For employers, there are several important ramifications beyond amending their programs to comply with the new requirements.  First, OSHA plans to post this information on its website so that it is publicly available.  Their stated aim is to “nudge” employers to improve occupational safety of their worksites by making this data publicly available in a manner than allows a comparison among various companies in the same industry.  Unfortunately, occupational injury and illness records do not tell a complete story, a company may have an excellent safety program yet have unfortunate accidents (talk to any company that has had a long and proud “no lost time” record only to have a fluke event cause an unforeseeable injury).  And at this time, the details of how the information will be presented are not known, so we do not know the degree to which some context will be provided.  OSHA says that it wants this data to be useful for researchers to study trends in occupational injury and illness, so we should expect that there will be some ability to query and sort the records.  Of course, this information could also prove useful to competitors, plaintiffs’ attorneys, unions, and others who may have interests not completely in line with those described by OSHA in support of the rule.

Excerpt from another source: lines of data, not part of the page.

theorem theorem3:
  fixes M :: "'w measure" and MX :: "'x measure"
    and f :: "'x \<Rightarrow> 'y::finite \<Rightarrow> real"
    and X :: "nat \<Rightarrow> 'w \<Rightarrow> 'x" and Y :: "nat \<Rightarrow> 'w \<Rightarrow> 'y"
    and S :: "nat \<Rightarrow> 'w \<Rightarrow> 'y set"
    and n :: nat and \<epsilon> :: real
  assumes "prob_space M"
    and f_nonneg: "\<And>x y. f x y \<ge> 0"
    and f_sum: "\<And>x. (\<Sum>y\<in>UNIV. f x y) = 1"
    and f_meas: "\<And>y. (\<lambda>x. f x y) \<in> borel_measurable MX"
    and XY_meas: "\<And>i. i \<le> n \<Longrightarrow> (\<lambda>\<omega>. (X i \<omega>, Y i \<omega>)) \<in> M \<rightarrow>\<^sub>M MX \<Otimes>\<^sub>M count_space UNIV"
    and S_meas: "\<And>j. j < n \<Longrightarrow> S j \<in> M \<rightarrow>\<^sub>M count_space UNIV"
    and exch: "exchangeable M (MX \<Otimes>\<^sub>M count_space UNIV) {..n} (\<lambda>i \<omega>. (X i \<omega>, Y i \<omega>))"
    and cand: "AE \<omega> in M. \<forall>j<n. Y j \<omega> \<in> S j \<omega>"
    and lower: "AE \<omega> in M. \<forall>j<n. f (X j \<omega>) (Y j \<omega>) \<ge> 1 / real (card (S j \<omega>))"
    and eps: "0 < \<epsilon>" "\<epsilon> \<le> 1"
  shows "measure M {\<omega> \<in> space M.
           Y n \<omega> \<in> pred_set (X n \<omega>) f (E_mean n f (\<lambda>j. X j \<omega>) (\<lambda>j. S j \<omega>)) \<epsilon>}
         \<ge> 1 - \<epsilon>"
proof (cases "\<epsilon> = 1")
  case False
  interpret prob_space M by fact
  define k where "k = nat \<lceil>(1 + real n) * (1 - \<epsilon>)\<rceil>"
  have k: "1 \<le> k" "real (Suc n - k) \<le> Suc n * \<epsilon>"
    using conformal_rank_index[OF eps(1) _ k_def] eps(2) False by auto
  define score where "score p = 1 - f (fst p) (snd p)" for p :: "'x \<times> 'y"
  have score_meas: "score \<in> borel_measurable (MX \<Otimes>\<^sub>M count_space UNIV)"
    unfolding score_def[abs_def] using f_meas
    by (intro borel_measurable_diff borel_measurable_pair_count_space) auto
  let ?B = "{\<omega>\<in>space M. k \<le> card {j\<in>{..n}. score (X j \<omega>, Y j \<omega>) < score (X n \<omega>, Y n \<omega>)}}"
  let ?T = "{\<omega>\<in>space M. Y n \<omega> \<in> pred_set (X n \<omega>) f (E_mean n f (\<lambda>j. X j \<omega>) (\<lambda>j. S j \<omega>)) \<epsilon>}"
  have B_events: "?B \<in> events"
    using XY_meas by (intro sets_rank_event[OF _ score_meas]) auto
  have "card {..n} * prob ?B \<le> card {..n} - k"
    using exch XY_meas by (intro exchangeable_rank_bound[OF _ _ _ _ score_meas]) auto
  with k(2) have "Suc n * prob ?B \<le> Suc n * \<epsilon>"
    unfolding card_atMost by linarith
  then have B: "prob ?B \<le> \<epsilon>"
    by (rule mult_left_le_imp_le) simp
  have "AE \<omega> in M. \<omega> \<in> space M - ?B \<longrightarrow> \<omega> \<in> ?T"
    using lower
  proof eventually_elim
    case (elim \<omega>)
    show ?case
      using mem_pred_set_E_mean_if_rank_less[where f=f, OF f_nonneg f_sum k_def k(1) elim]
      by (auto simp: score_def not_le)
  qed
  moreover have "?T \<in> events"
    by (rule sets_pred_set_E_mean[OF k_def k(1) f_meas XY_meas S_meas])
  ultimately have "prob (space M - ?B) \<le> prob ?T"
    by (rule finite_measure_mono_AE)
  then show ?thesis
    using B B_events prob_compl[of ?B] by linarith
qed simp

end
lemma ekeland_set_self: "z \<in> S \<Longrightarrow> z \<in> ekeland_set S f \<eta> z"
  by (simp add: ekeland_set_def)

lemma closed_ekeland_set:
  assumes "closed S" "continuous_on S f"
  shows "closed (ekeland_set S f \<eta> z)"
  unfolding ekeland_set_def
  using assms by (intro continuous_on_closed_Collect_le continuous_intros) auto

lemma ekeland_set_trans:
  assumes "\<eta> \<ge> 0" "y \<in> ekeland_set S f \<eta> z"
  shows "ekeland_set S f \<eta> y \<subseteq> ekeland_set S f \<eta> z"
proof
  fix u assume u: "u \<in> ekeland_set S f \<eta> y"
  have "\<eta> * dist u z \<le> \<eta> * dist u y + \<eta> * dist y z"
    using assms(1) dist_triangle[of u z y] by (simp add: mult_left_mono flip: distrib_left)
  with u assms(2) show "u \<in> ekeland_set S f \<eta> z" by (auto simp: ekeland_set_def)
qed

lemma ekeland_set_dist_le:
  assumes "\<eta> \<ge> 0" "\<And>y. y \<in> S \<Longrightarrow> b \<le> f y"
    and "y \<in> ekeland_set S f \<eta> z" "u \<in> ekeland_set S f \<eta> y"
  shows "\<eta> * dist u y \<le> f y - (INF v\<in>ekeland_set S f \<eta> z. f v)"
proof -
  have "bdd_below (f ` ekeland_set S f \<eta> z)"
    using assms(2) by (intro bdd_belowI[of _ b]) (auto simp: ekeland_set_def)
  moreover have "u \<in> ekeland_set S f \<eta> z" using ekeland_set_trans assms(1,3,4) by blast
  ultimately have "(INF v\<in>ekeland_set S f \<eta> z. f v) \<le> f u" by (rule cINF_lower)
  with assms(4) show ?thesis by (simp add: ekeland_set_def)
qed
lemma eigenvalue_inverse_mult_quad_form:
  assumes "F \<in> carrier_mat n n" "G \<in> carrier_mat n n" "R \<in> carrier_mat n n"
    and "F * G = 1\<^sub>m n" and "eigenvalue (map_mat complex_of_real (G * R)) \<eta>"
  obtains x where "x \<in> carrier_vec n" "x \<noteq> 0\<^sub>v n" "quad_form R x = \<eta> * quad_form F x"
proof -
  let ?c = "map_mat complex_of_real"
  obtain x where x: "x \<in> carrier_vec n" "x \<noteq> 0\<^sub>v n" "?c (G * R) *\<^sub>v x = \<eta> \<cdot>\<^sub>v x"
    using assms unfolding eigenvalue_def eigenvector_def by auto
  have "?c F * ?c G = 1\<^sub>m n"
    using assms of_real_hom.mat_hom_mult[of F n n G n] of_real_hom.mat_hom_one by metis
  then have "?c R *\<^sub>v x = \<eta> \<cdot>\<^sub>v (?c F *\<^sub>v x)"
    using assms x(1) x(3)[unfolded of_real_hom.mat_hom_mult[OF assms(2,3)]]
    by (intro eigenvector_left_inverse[of _ n]) auto
  then show ?thesis
    using that assms x quad_form_generalized_eigen by blast
qed

definition NASS_threshold :: "nat \<Rightarrow> real mat \<Rightarrow> real mat \<Rightarrow> real \<Rightarrow> real" where
  "NASS_threshold M T D \<delta> =
    (let C\<^sub>r = abs_entry_sum (calR M T D);
         C = (abs_entry_sum (calT M T) + abs_entry_sum (calD M D)
              + abs_entry_sum (calT M T * calD M D)) / 2
     in 1 + 2 * (C + C * C\<^sub>r + C\<^sub>r / \<delta>))"

lemma NASS_threshold_ge_one: "\<delta> > 0 \<Longrightarrow> NASS_threshold M T D \<delta> \<ge> 1"
  unfolding NASS_threshold_def Let_def using abs_entry_sum_nonneg by simp

lemma eigenvalue_NASS_prec_inverse_mult_calR_bounds:
  assumes T: "T \<in> carrier_mat M M" "transpose_mat T = T"
    and D: "D \<in> carrier_mat M M" "diagonal_mat D"
    and \<delta>: "\<delta> > 0" and \<omega>: "\<omega> > NASS_threshold M T D \<delta>"
    and G: "G \<in> carrier_mat (2 * M) (2 * M)" "NASS_prec M T D \<omega> * G = 1\<^sub>m (2 * M)"
    and \<eta>: "eigenvalue (map_mat complex_of_real (G * calR M T D)) \<eta>"
  shows "0 < Re \<eta> \<and> Re \<eta> < \<delta> \<and> \<bar>Im \<eta>\<bar> < \<delta>"
proof -
  define C\<^sub>r where "C\<^sub>r = abs_entry_sum (calR M T D)"
  define C where "C = (abs_entry_sum (calT M T) + abs_entry_sum (calD M D)
    + abs_entry_sum (calT M T * calD M D)) / 2"
  have \<omega>_gt: "\<omega> > 1 + 2 * (C + C * C\<^sub>r + C\<^sub>r / \<delta>)"
    using \<omega> unfolding NASS_threshold_def Let_def C_def C\<^sub>r_def .
  obtain x where x: "x \<in> carrier_vec (2 * M)" "x \<noteq> 0\<^sub>v (2 * M)"
    and eq: "quad_form (calR M T D) x = \<eta> * quad_form (NASS_prec M T D \<omega>) x"
    using eigenvalue_inverse_mult_quad_form[OF NASS_prec_carrier G(1) calR_carrier G(2) \<eta>] by metis
  have "Re (quad_form (calR M T D) x) = vec_norm2 x"
    using calR_plus_transpose[OF T D] by (rule Re_quad_form_eq_vec_norm2[OF calR_carrier x(1)])
  moreover have "cmod (quad_form (calR M T D) x) \<le> C\<^sub>r * vec_norm2 x"
    unfolding C\<^sub>r_def by (rule norm_quad_form_le[OF calR_carrier x(1)])
  moreover have "cmod (quad_form (NASS_prec M T D \<omega>) x - of_real (\<omega> / 2 * vec_norm2 x))
      \<le> C * vec_norm2 x"
    unfolding C_def using \<omega> NASS_threshold_ge_one[OF \<delta>, of M T D]
    by (intro norm_quad_form_NASS_prec_sub_le[OF x(1)]) simp
  ultimately show ?thesis
    using quotient_clusters_at_zero[OF vec_norm2_pos[OF x] _ _ _ \<delta> _ eq] \<omega>_gt by simp
qed

theorem theorem4p2:
  fixes M :: nat and T D :: "real mat"
  assumes "M \<ge> 1"
    and "sym_pos_def_mat M T"
    and "D \<in> carrier_mat M M" and "diagonal_mat D" and "\<forall>i < M. D $$ (i, i) \<ge> 0"
  shows "\<forall>\<delta> > 0. \<exists>\<Omega> > 0. \<forall>\<omega> > \<Omega>. \<forall>G \<in> carrier_mat (2 * M) (2 * M).
           G * NASS_prec M T D \<omega> = 1\<^sub>m (2 * M) \<and> NASS_prec M T D \<omega> * G = 1\<^sub>m (2 * M) \<longrightarrow>
           (\<forall>\<eta>. eigenvalue (map_mat complex_of_real (G * calR M T D)) \<eta> \<longrightarrow>
              0 < Re \<eta> \<and> Re \<eta> < \<delta> \<and> \<bar>Im \<eta>\<bar> < \<delta>)"
proof (intro allI impI)
  fix \<delta> :: real
  assume \<delta>: "\<delta> > 0"
  have T: "T \<in> carrier_mat M M" "transpose_mat T = T"
    using assms(2) unfolding sym_pos_def_mat_def by auto
  show "\<exists>\<Omega> > 0. \<forall>\<omega> > \<Omega>. \<forall>G \<in> carrier_mat (2 * M) (2 * M).
           G * NASS_prec M T D \<omega> = 1\<^sub>m (2 * M) \<and> NASS_prec M T D \<omega> * G = 1\<^sub>m (2 * M) \<longrightarrow>
           (\<forall>\<eta>. eigenvalue (map_mat complex_of_real (G * calR M T D)) \<eta> \<longrightarrow>
              0 < Re \<eta> \<and> Re \<eta> < \<delta> \<and> \<bar>Im \<eta>\<bar> < \<delta>)"
    using NASS_threshold_ge_one[OF \<delta>, of M T D]
      eigenvalue_NASS_prec_inverse_mult_calR_bounds[OF T assms(3,4) \<delta>]
    by (intro exI[of _ "NASS_threshold M T D \<delta>"]) auto
qed

end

In addition to making the information publicly available, these records will also be used by OSHA to guide their enforcement efforts.  Employers should presume that OSHA and their state counterparts in State Plan States will be reviewing this data to identify worksites to target for inspections.  Currently, there are other ways that OSHA can obtain information on occupational injury and illnesses but nothing approaching the data set that they will assemble with this new rule.  Companies that are submitting electronically should plan on reviewing the data when it becomes available on-line to determine for themselves how they stack up against others in their industry.  This is one of the benefits touted by OSHA, encouraging employers to compare their performance to others in their industry and improving their workplace safety programs if they lag.
It is worth noting that this new rule will apply to employers even in State Plan States.  Although state “OSHAs” are required to amend their regulations to be consistent with the new federal requirement, as with any other OSHA regulation, in this case the federal regulation will apply directly to employers in State Plan States, such as California.  OSHA will then share that information with their state counterparts for use in their enforcement efforts.
The portions of the new regulations take effect August 10, 2016 but the first electronic record submittal will not be due until July 1, 2017.